Transcribo algunos pasajes del prólogo:

En los poemas de la Antología de Spoon River, Edgar Lee Masters presenta una suerte de diorama de la vida y los conflictos de una pequeña comunidad rural de los Estados Unidos. Y lo hace desde una perspectiva crítica, con un realismo cruento: cuenta (es decir, los propios muertos cuentan) los adulterios de hombres y mujeres, las estafas que unos cometen y otros padecen, las quiebras fraudulentas de los banqueros, el maltrato que infligen los policías, las manipulaciones y mentiras de los políticos, los abortos vergonzosos, los matrimonios insoportables, los caracteres agriados por el infortunio o la maldad, la indignidad de los borrachos, la desatención o, por el contrario, la opresión de los padres (o de los hijos por sus mayores), las vidas sin presente ni futuro, la venalidad de los jueces, la crueldad y la estupidez de los partidarios de la guerra, el calvinismo desalmado de los predicadores, las elecciones amañadas, la mediocridad de los poetas y los pretendidos intelectuales, las envidias y las disputas vecinales, el clasismo de los que se creen superiores, la moral irrespirable instituida por las autoridades, las iniquidades de los poderosos, la pobreza de tantos.

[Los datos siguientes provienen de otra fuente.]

lemma row_quad_lower_bound:
  assumes "\<And>j. \<bar>rho $ j\<bar> \<le> 1 - eps"
  shows "gam $ i * eps / 2 * ((\<Sum>j\<in>UNIV. (nu $ j)^2 * (d $ j)^2) + sig^2 * e^2) \<le> row_quad i d e"
proof -
  define k where "k = sqrt (real CARD('n))"
  define t where "t = sig * e / k"
  have nt: "real CARD('n) * t^2 = sig^2 * e^2"
    by (simp add: t_def k_def power_divide power_mult_distrib)
  have lhs: "(\<Sum>j\<in>UNIV. (nu $ j * d $ j)^2 + t^2)
      = (\<Sum>j\<in>UNIV. (nu $ j)^2 * (d $ j)^2) + sig^2 * e^2"
    by (simp add: sum.distrib power_mult_distrib nt)
  have rhs: "(\<Sum>j\<in>UNIV. (nu $ j * d $ j)^2 + 2 * t * rho $ j * (nu $ j * d $ j) + t^2)
      = (\<Sum>j\<in>UNIV. (nu $ j)^2 * (d $ j)^2) + 2 * t * (\<Sum>j\<in>UNIV. rho $ j * nu $ j * d $ j) + sig^2 * e^2"
    by (simp add: sum.distrib sum_distrib_left power_mult_distrib nt mult.assoc)
  have "eps * (\<Sum>j\<in>UNIV. (nu $ j * d $ j)^2 + t^2)
      \<le> (\<Sum>j\<in>UNIV. (nu $ j * d $ j)^2 + 2 * t * rho $ j * (nu $ j * d $ j) + t^2)"
    unfolding sum_distrib_left by (intro sum_mono cross_term_lower_bound assms)
  then have bound: "eps * ((\<Sum>j\<in>UNIV. (nu $ j)^2 * (d $ j)^2) + sig^2 * e^2)
      \<le> (\<Sum>j\<in>UNIV. (nu $ j)^2 * (d $ j)^2) + 2 * t * (\<Sum>j\<in>UNIV. rho $ j * nu $ j * d $ j)
          + sig^2 * e^2"
    unfolding lhs rhs .
  have "gam $ i * eps / 2 * ((\<Sum>j\<in>UNIV. (nu $ j)^2 * (d $ j)^2) + sig^2 * e^2)
      = gam $ i / 2 * (eps * ((\<Sum>j\<in>UNIV. (nu $ j)^2 * (d $ j)^2) + sig^2 * e^2))" by simp
  also have "\<dots> \<le> gam $ i / 2 * ((\<Sum>j\<in>UNIV. (nu $ j)^2 * (d $ j)^2)
          + 2 * t * (\<Sum>j\<in>UNIV. rho $ j * nu $ j * d $ j) + sig^2 * e^2)"
    using bound gam_pos[of i] by (intro mult_left_mono) auto
  also have "\<dots> \<le> (d $ i)^2 / (2 * c $ i) + \<dots>" using c_pos[of i] by simp
  also have "\<dots> = row_quad i d e"
    unfolding row_quad_def t_def k_def by (simp add: algebra_simps)
  finally show ?thesis .
qed

text \<open>The maximiser for gP = 0. The first-order conditions of row i in z^{Q,i,j}, j \<noteq> i, give
  nu_j z^{Q,i,j} = - sig rho_j z^{S,i} / sqrt n; substituting into the remaining two conditions
  determines z^{S,i} and z^{Q,i,i}, with M_rho i = n - (sum of rho_j^2 over j \<noteq> i).\<close>

definition M_rho :: "'n \<Rightarrow> real" where
  "M_rho i = real CARD('n) - (\<Sum>j\<in>UNIV. (rho $ j)^2) + (rho $ i)^2"

definition zQ0_diag :: "'n \<Rightarrow> real" where
  "zQ0_diag i = M_rho i / (M_rho i + c $ i * gam $ i * (nu $ i)^2 * (real CARD('n) - (\<Sum>j\<in>UNIV. (rho $ j)^2)))"

definition zQ0 :: "real^'n^'n" where
  "zQ0 = (\<chi> i j. if j = i then zQ0_diag i else rho $ i * rho $ j * nu $ i * zQ0_diag i / (M_rho i * nu $ j))"

definition zS0 :: "real^'n" where
  "zS0 = (\<chi> i. - rho $ i * nu $ i * zQ0_diag i * sqrt (real CARD('n)) / (sig * M_rho i))"

lemma sum_rho_sq_less_card: "(\<Sum>j\<in>UNIV. (rho $ j)^2) < real CARD('n)"
proof -
  have "(\<Sum>j\<in>UNIV. (rho $ j)^2) < (\<Sum>j::'n\<in>UNIV. 1)"
    using rho_bounds by (intro sum_strict_mono) (auto simp: abs_square_less_1 abs_less_iff)
  then show ?thesis by simp
qed

lemma M_rho_pos: "M_rho i > 0"
  using sum_rho_sq_less_card zero_le_power2[of "rho $ i"] unfolding M_rho_def by linarith

lemma zQ0_diag_pos: "zQ0_diag i > 0"
  using M_rho_pos[of i] sum_rho_sq_less_card c_pos[of i] gam_pos[of i]
  unfolding zQ0_diag_def by (simp add: add_pos_nonneg)

lemma sum_rho_nu_zQ0:
  "(\<Sum>j\<in>UNIV. rho $ j * nu $ j * zQ0 $ i $ j) = rho $ i * nu $ i * zQ0_diag i * real CARD('n) / M_rho i"
proof -
  define a where "a = rho $ i * nu $ i * zQ0_diag i / M_rho i"
  have "(\<Sum>j\<in>UNIV. rho $ j * nu $ j * zQ0 $ i $ j) =
      (\<Sum>j\<in>UNIV. a * (rho $ j)^2 + (if j = i then a * (M_rho i - (rho $ i)^2) else 0))"
    using nu_pos M_rho_pos[of i]
    by (intro sum.cong) (auto simp: zQ0_def a_def field_simps power2_eq_square less_imp_neq[symmetric])
  also have "\<dots> = a * M_rho i + a * (\<Sum>j\<in>UNIV. (rho $ j)^2) - a * (rho $ i)^2"
    by (simp add: sum.distrib sum_distrib_left algebra_simps)
  also have "\<dots> = a * real CARD('n)"
    by (simp add: M_rho_def algebra_simps)
  finally show ?thesis by (simp add: a_def)
qed

lemma zQ0_diag_first_order:
  "(zQ0_diag i - 1) / c $ i + gam $ i * (nu $ i)^2 * zQ0_diag i * (M_rho i - (rho $ i)^2) / M_rho i = 0"
proof -
  define M where "M = M_rho i"
  define T where "T = M - (rho $ i)^2"
  define D where "D = M + c $ i * gam $ i * (nu $ i)^2 * T"
  have "M > 0" using M_rho_pos by (simp add: M_def)
  have "T \<ge> 0" using sum_rho_sq_less_card by (simp add: T_def M_def M_rho_def)
  then have "D > 0" using \<open>M > 0\<close> c_pos[of i] gam_pos[of i] by (simp add: D_def add_pos_nonneg)
  have q: "zQ0_diag i = M / D" by (simp add: zQ0_diag_def D_def T_def M_def M_rho_def)
  have "zQ0_diag i - 1 = (M - D) / D" using \<open>D > 0\<close> by (simp add: q diff_divide_distrib)
  also have "M - D = - (c $ i * (gam $ i * (nu $ i)^2 * T))" by (simp add: D_def)
  finally have "(zQ0_diag i - 1) / c $ i = - gam $ i * (nu $ i)^2 * T / D" using c_pos[of i] by simp
  moreover have "gam $ i * (nu $ i)^2 * zQ0_diag i * T / M = gam $ i * (nu $ i)^2 * T / D"
    using \<open>M > 0\<close> unfolding q by simp
  ultimately show ?thesis by (simp add: T_def M_def)
qed

lemma zQ0_zS0_critical:
  shows "grad_Q i (zQ0 $ i) (zS0 $ i) j = 0" and "grad_S i (zQ0 $ i) (zS0 $ i) = 0"
proof -
  define k where "k = sqrt (real CARD('n))"
  define M where "M = M_rho i"
  define q where "q = zQ0_diag i"
  have "M > 0" "k > 0" "k * k = real CARD('n)" using M_rho_pos by (simp_all add: M_def k_def)
  note pos = this sig_pos nu_pos[of j] c_pos[of i] gam_pos[of i]
  have s0: "zS0 $ i = - rho $ i * nu $ i * q * k / (sig * M)"
    by (simp add: zS0_def q_def M_def k_def)
  show "grad_S i (zQ0 $ i) (zS0 $ i) = 0"
    using pos unfolding grad_S_def sum_rho_nu_zQ0 s0
    by (simp add: q_def M_def k_def[symmetric] field_simps)
  show "grad_Q i (zQ0 $ i) (zS0 $ i) j = 0"
  proof (cases "j = i")
    case True
    with zQ0_diag_first_order[of i] pos show ?thesis
      by (simp add: grad_Q_def s0 zQ0_def q_def[symmetric] M_def[symmetric] k_def[symmetric]
          field_simps power2_eq_square)
  next
    case False
    with pos show ?thesis
      by (simp add: grad_Q_def s0 zQ0_def q_def[symmetric] M_def[symmetric] k_def[symmetric]
          field_simps)
  qed
qed

lemma zQ0_diag_eq: "zQ0 $ i $ i = zQ0_diag i"
  by (simp add: zQ0_def)

lemma sgn_zQ0_off_diag:
  assumes "i \<noteq> j"
  shows "sgn (zQ0 $ i $ j) = sgn (rho $ i * rho $ j)"
  using assms zQ0_diag_pos[of i] M_rho_pos[of i] nu_pos[of i] nu_pos[of j]
  by (simp add: zQ0_def sgn_mult sgn_divide)

lemma sgn_zS0: "sgn (zS0 $ i) = - sgn (rho $ i)"
  using zQ0_diag_pos[of i] M_rho_pos[of i] nu_pos[of i] sig_pos
  by (simp add: zS0_def sgn_mult sgn_divide sgn_minus)

definition penalty :: "real^'n^'n \<Rightarrow> real^'n \<Rightarrow> real" where
  "penalty zQ zS = (\<Sum>i\<in>UNIV.
      (nu $ i - nu $ i * (\<Sum>j\<in>UNIV. zQ $ j $ i)
         - rho $ i * sig / sqrt (real CARD('n)) * (\<Sum>j\<in>UNIV. zS $ j))^2
    + (1 - (rho $ i)^2) * sig^2 / real CARD('n) * (\<Sum>j\<in>UNIV. zS $ j)^2)"

lemma penalty_nonneg: "penalty zQ zS \<ge> 0"
proof -
  have "(rho $ i)^2 \<le> 1" for i
    using rho_bounds[of i] by (simp add: abs_square_le_1 abs_le_iff)
  then show ?thesis unfolding penalty_def by (intro sum_nonneg add_nonneg_nonneg) auto
qed

lemma obj_f_eq:
  "obj_f c gam nu rho sig gP zQ zS =
     - (1 / real CARD('n)) * (\<Sum>i\<in>UNIV. row_cost i (zQ $ i) (zS $ i))
     - gP / (2 * (real CARD('n))^2) * penalty zQ zS"
  unfolding obj_f_def row_cost_def row_quad_def penalty_def Let_def by simp

lemma global_max_row_quad_sum_le:
  assumes "gP \<ge> 0" and "is_global_max c gam nu rho sig gP zQ zS"
    and "\<And>i j. grad_Q i (zQ' $ i) (zS' $ i) j = 0" and "\<And>i. grad_S i (zQ' $ i) (zS' $ i) = 0"
  shows "(\<Sum>i\<in>UNIV. row_quad i (zQ $ i - zQ' $ i) (zS $ i - zS' $ i))
           \<le> gP * penalty zQ' zS' / (2 * real CARD('n))"
proof -
  define N where "N = real CARD('n)"
  define Sq where "Sq = (\<Sum>i\<in>UNIV. row_quad i (zQ $ i - zQ' $ i) (zS $ i - zS' $ i))"
  have "N > 0" by (simp add: N_def)
  have "row_cost i (zQ $ i) (zS $ i)
      = row_cost i (zQ' $ i) (zS' $ i) + row_quad i (zQ $ i - zQ' $ i) (zS $ i - zS' $ i)" for i
    using row_cost_taylor[of i "zQ $ i" "zS $ i" "zQ' $ i" "zS' $ i"] assms(3,4) by simp
  then have "(\<Sum>i\<in>UNIV. row_cost i (zQ $ i) (zS $ i))
      = (\<Sum>i\<in>UNIV. row_cost i (zQ' $ i) (zS' $ i)) + Sq"
    unfolding Sq_def by (simp add: sum.distrib)
  moreover have "obj_f c gam nu rho sig gP zQ' zS' \<le> obj_f c gam nu rho sig gP zQ zS"
    using assms(2) unfolding is_global_max_def by blast
  moreover have "gP / (2 * N^2) * penalty zQ zS \<ge> 0"
    using assms(1) penalty_nonneg by simp
  ultimately have "Sq / N \<le> gP / (2 * N^2) * penalty zQ' zS'"
    unfolding obj_f_eq N_def[symmetric] by (simp add: algebra_simps)
  with \<open>N > 0\<close> show ?thesis
    by (simp add: Sq_def N_def[symmetric] field_simps power2_eq_square)
qed

lemma global_max_deviation_bounds:
  assumes "\<And>j. \<bar>rho $ j\<bar> \<le> 1 - eps" and "eps > 0" and "gP \<ge> 0"
    and "is_global_max c gam nu rho sig gP zQ zS"
  shows "(zQ $ i $ j - zQ0 $ i $ j)^2 \<le> gP * (penalty zQ0 zS0 / (real CARD('n) * gam $ i * eps * (nu $ j)^2))"
    and "(zS $ i - zS0 $ i)^2 \<le> gP * (penalty zQ0 zS0 / (real CARD('n) * gam $ i * eps * sig^2))"
proof -
  define B where "B = gP * penalty zQ0 zS0 / (2 * real CARD('n))"
  define dQ where "dQ = zQ $ i - zQ0 $ i"
  define dS where "dS = zS $ i - zS0 $ i"
  note lb = row_quad_lower_bound[OF assms(1)]
  have "0 \<le> row_quad i' d e" for i' d e
  proof -
    have "0 \<le> gam $ i' * eps / 2 * ((\<Sum>j\<in>UNIV. (nu $ j)^2 * (d $ j)^2) + sig^2 * e^2)"
      using gam_pos[of i'] assms(2) by (intro mult_nonneg_nonneg add_nonneg_nonneg sum_nonneg) auto
    then show ?thesis using lb[of i' d e] by linarith
  qed
  then have "row_quad i dQ dS \<le> (\<Sum>i'\<in>UNIV. row_quad i' (zQ $ i' - zQ0 $ i') (zS $ i' - zS0 $ i'))"
    unfolding dQ_def dS_def by (intro member_le_sum) auto
  also have "\<dots> \<le> B"
    unfolding B_def using assms(3,4) zQ0_zS0_critical by (rule global_max_row_quad_sum_le)
  finally have quad_le: "gam $ i * eps / 2 * ((\<Sum>j\<in>UNIV. (nu $ j)^2 * (dQ $ j)^2) + sig^2 * dS^2) \<le> B"
    using lb[of i dQ dS] by linarith
  have "(nu $ j)^2 * (dQ $ j)^2 \<le> (\<Sum>j\<in>UNIV. (nu $ j)^2 * (dQ $ j)^2)"
    by (intro member_le_sum) auto
  then have "gam $ i * eps / 2 * ((nu $ j)^2 * (dQ $ j)^2)
      \<le> gam $ i * eps / 2 * ((\<Sum>j\<in>UNIV. (nu $ j)^2 * (dQ $ j)^2) + sig^2 * dS^2)"
    using gam_pos[of i] assms(2) by (intro mult_left_mono add_increasing2) auto
  with quad_le have "gam $ i * eps / 2 * ((nu $ j)^2 * (dQ $ j)^2) \<le> B" by linarith
  with gam_pos[of i] nu_pos[of j] assms(2)
  show "(zQ $ i $ j - zQ0 $ i $ j)^2 \<le> gP * (penalty zQ0 zS0 / (real CARD('n) * gam $ i * eps * (nu $ j)^2))"
    by (simp add: dQ_def B_def field_simps)
  have "0 \<le> (\<Sum>j\<in>UNIV. (nu $ j)^2 * (dQ $ j)^2)" by (intro sum_nonneg) auto
  then have "gam $ i * eps / 2 * (sig^2 * dS^2)
      \<le> gam $ i * eps / 2 * ((\<Sum>j\<in>UNIV. (nu $ j)^2 * (dQ $ j)^2) + sig^2 * dS^2)"
    using gam_pos[of i] assms(2) by (intro mult_left_mono) auto
  with quad_le have "gam $ i * eps / 2 * (sig^2 * dS^2) \<le> B" by linarith
  with gam_pos[of i] sig_pos assms(2)
  show "(zS $ i - zS0 $ i)^2 \<le> gP * (penalty zQ0 zS0 / (real CARD('n) * gam $ i * eps * sig^2))"
    by (simp add: dS_def B_def field_simps)
qed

Con pocas salvedades, la Antología de Spoon River es una fascinante galería de miserias, fracasos y abominaciones, formulada con un verbo prieto, pero también con una fogosidad tan puritana como la de los propios puritanos que denuncia. 
(...)
Con este inglés apenas metafórico, salvo en  «La espuniada» y el «Epílogo» —y es mejor que así sea; como en Whitman, las metáforas de Masters resultan gravosamente deudoras de la tradición victoriana—, coloquial, corriente, atento a las cosas cotidianas y los sentimientos comunes, Edgar Lee Masters construye los parlamentos de los muertos, que son síntesis autobiográficas —microbiografías— y monólogos dramáticos: relatos de lo que les ha sucedido en vida, exposición de sus defectos y sus errores —o de las injusticias que han sufrido—, sólidos relámpagos de una memoria arraigada en el sufrimiento o el desengaño. Cada poema constituye un pequeño drama, que puede limitarse a una escena o abarcar una vida entera, trágicamente sustanciada. La voz de los muertos suena, sin excepción, individual e intransigente, subjetiva, parcial, propia de alguien acaso irrelevante, pero siempre único, que ha sucumbido a los agravios de la sociedad, a las injurias del tiempo y a sus propias y fatales imperfecciones, pero que afirma su singularidad irrenunciable, su ser atormentado y cierto. 
(...)
La interpretación de la Antología de Spoon River no puede quedarse —aunque así se haya hecho durante mucho tiempo y por parte de muchos lectores— en la descripción de un pueblo del Medio Oeste americano, por reveladora que sea de una realidad social cierta y difícil, y de unas vivencias personales, tan crudas como nostálgicas. En toda representación crítica de la realidad subyace un modelo ético, un ideal que se anticipa y se desea, o que se ha perdido y se recuerda o reivindica. Y así sucede también en la Antología. Ese diorama de seres que manotean en el caldo hirviente de lo que han sido, compuesto de aspiraciones no sustentadas en aptitudes, o de aptitudes no sustentadas en posibilidades; de esperanzas ilusas o de realidades devoradoras; de virtudes indeseables o vicios seductores; de pequeñeces corrosivas o grandezas inalcanzables; del contacto infamante o exaltador con los otros; de la abrasión creciente de un capitalismo voraz y la ruralidad sofocante de la aldea; toda esa población de muertos parlantes, devastados por la acrimonia de la vida y la severidad de la muerte, forman parte de un cosmos superior, donde residen la justicia y la felicidad, al que se dirigen tanto el autor como sus personajes, en busca de la resolución de sus conflictos y de la salvación existencial. En la exposición de todos estos males y este sufrimiento, de tantos vicios e iniquidades como refiere la Antología, no solo se desnuda a una comunidad, sino también a la comunidad ideal a la que esa otra, real, traiciona y subvierte. 
(...)
La visión que Masters quiere restaurar es la que él conservaba de su niñez en Petersburg, en la granja de sus abuelos, que personificaban a los americanos aún no corrompidos por las bajezas de una modernidad invasora, habitantes de un paisaje paradisíaco y adornados con todas las virtudes de los seres trabajadores, creyentes en Dios y en la igualdad, y tan llenos de individualismo como defensores de la comunidad; y, por extensión, la de una América limpia y pacífica, sin hipocresía ni iniquidad. Un paraíso perdido, en suma, que albergaba esa gran visión democrática que, antes que él, Thomas Jefferson —Masters era un devoto jeffersoniano— y Walt Whitman habían contribuido a canonizar.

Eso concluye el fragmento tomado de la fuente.